Hi after a while of searching ebay I found these http://www.ebay.co.uk/itm/270926676413?_trksid=p5197.c0.m619
there sold as sink tidies but work the same as riparium planters but they're larger (16cm) and only £1.99 each DELIVERED. So cheap I brought 2 the other day to grow peace lilys in and I will be buying some more in about a month.


----------



## Aqua sobriquet (10 Jun 2012)

Good find!


----------



## Alastair (11 Jun 2012)

I use those in my chocolate puddle journal but the deeper ones 


Sent from my iPhone using Tapatalk


----------



## Aqua sobriquet (11 Jun 2012)

Alastair said:
			
		

> I use the deeper ones



Deeper ones? where, how much...


----------



## Alastair (11 Jun 2012)

Well the seller i purchased mine from has sold out so can't find them as cheap as I got them but here the deeper ones 

Item number 
170779843924


Sent from my iPhone using Tapatalk


----------



## Morgan Freeman (11 Jun 2012)

Yes!

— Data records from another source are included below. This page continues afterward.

lemma lattice_iso_if_concurrency_preserving:
  assumes "labelled_arrangement v I" "labelled_arrangement w I"
    and "\<And>i j k. i \<in> I \<Longrightarrow> j \<in> I \<Longrightarrow> k \<in> I \<Longrightarrow>
           bracket (v i) (v j) (v k) = 0 \<longleftrightarrow> bracket (w i) (w j) (w k) = 0"
  shows "lattice_iso ((\<lambda>k. line_of (v k)) ` I) ((\<lambda>k. line_of (w k)) ` I)"
proof -
  interpret V: labelled_arrangement v I by fact
  interpret W: labelled_arrangement w I by fact
  define \<sigma> where "\<sigma> = (\<lambda>L. line_of (w (the_inv_into I (\<lambda>k. line_of (v k)) L)))"
  have \<sigma>_bij: "bij_betw \<sigma> V.lines W.lines"
  proof -
    have "bij_betw (\<lambda>k. line_of (v k)) I V.lines" "bij_betw (\<lambda>k. line_of (w k)) I W.lines"
      using V.inj_lines W.inj_lines by (simp_all add: bij_betw_def)
    then have "bij_betw ((\<lambda>k. line_of (w k)) \<circ> the_inv_into I (\<lambda>k. line_of (v k))) V.lines W.lines"
      by (rule bij_betw_trans[OF bij_betw_the_inv_into])
    then show ?thesis
      by (simp add: \<sigma>_def comp_def)
  qed
  have \<sigma>: "\<sigma> (line_of (v k)) = line_of (w k)" if "k \<in> I" for k
    using the_inv_into_f_f[OF V.inj_lines that] by (simp add: \<sigma>_def)
  have \<sigma>_through_meet: "\<sigma> ` V.through_meet c d = W.through_meet c d"
    if "c \<in> I" "d \<in> I" for c d
  proof -
    have "\<sigma> ` V.through_meet c d
        = (\<lambda>m. line_of (w m)) ` {m \<in> I. bracket (v c) (v d) (v m) = 0}"
      unfolding V.through_meet_def image_image
      by (rule image_cong[OF refl]) (metis (mono_tags, lifting) mem_Collect_eq \<sigma>)
    also have "{m \<in> I. bracket (v c) (v d) (v m) = 0} = {m \<in> I. bracket (w c) (w d) (w m) = 0}"
      using assms(3) that by blast
    finally show ?thesis
      by (simp add: W.through_meet_def)
  qed
  have "(\<lambda>S. \<sigma> ` S) ` sing V.lines = sing W.lines"
  proof
    show "(\<lambda>S. \<sigma> ` S) ` sing V.lines \<subseteq> sing W.lines"
    proof
      fix T'
      assume "T' \<in> (\<lambda>S. \<sigma> ` S) ` sing V.lines"
      then obtain T where "T \<in> sing V.lines" "T' = \<sigma> ` T"
        by blast
      moreover obtain c d where "c \<in> I" "d \<in> I" "c \<noteq> d" "T = V.through_meet c d"
        using V.sing_obtain_through_meet[OF \<open>T \<in> sing V.lines\<close>] by blast
      ultimately show "T' \<in> sing W.lines"
        by (simp add: \<sigma>_through_meet W.through_meet_in_sing)
    qed
    show "sing W.lines \<subseteq> (\<lambda>S. \<sigma> ` S) ` sing V.lines"
    proof
      fix T
      assume "T \<in> sing W.lines"
      then obtain c d where "c \<in> I" "d \<in> I" "c \<noteq> d" "T = W.through_meet c d"
        by (rule W.sing_obtain_through_meet)
      then have "T = \<sigma> ` V.through_meet c d" "V.through_meet c d \<in> sing V.lines"
        by (simp_all add: \<sigma>_through_meet V.through_meet_in_sing)
      then show "T \<in> (\<lambda>S. \<sigma> ` S) ` sing V.lines"
        by blast
    qed
  qed
  moreover have "inj_on (\<lambda>S. \<sigma> ` S) (sing V.lines)"
  proof (rule inj_onI)
    fix S1 S2
    assume "S1 \<in> sing V.lines" "S2 \<in> sing V.lines" "\<sigma> ` S1 = \<sigma> ` S2"
    moreover from this(1,2) have "S1 \<subseteq> V.lines" "S2 \<subseteq> V.lines"
      by (auto simp: sing_def)
    moreover have "inj_on \<sigma> V.lines"
      using \<sigma>_bij by (simp add: bij_betw_def)
    ultimately show "S1 = S2"
      by (simp add: inj_on_image_eq_iff)
  qed
  ultimately have "bij_betw (\<lambda>S. \<sigma> ` S) (sing V.lines) (sing W.lines)"
    by (simp add: bij_betw_def)
  with \<sigma>_bij show ?thesis
    unfolding lattice_iso_def by blast
qed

Great find.

Going to use these in my next tank.


----------



## Aqua sobriquet (11 Jun 2012)

Ta!


----------



## Palm Tree (11 Jun 2012)

Alastair said:
			
		

> I use those in my chocolate puddle journal but the deeper ones
> 
> 
> Sent from my iPhone using Tapatalk



How much were the deeper ones?


----------



## Alastair (11 Jun 2012)

The same price as the one I just linked to but the seller I got mine from only charged one postage fee 


Sent from my iPhone using Tapatalk


----------



## Palm Tree (12 Jun 2012)

While were on the subject of saving money buy repurposing things today I got a 0.75l pot of hairgrass for £3.49 from maidenhead at mere park,the secret you ask. It was in the pond section and growing emersed. The pot was like 4 inch square  Happy days


----------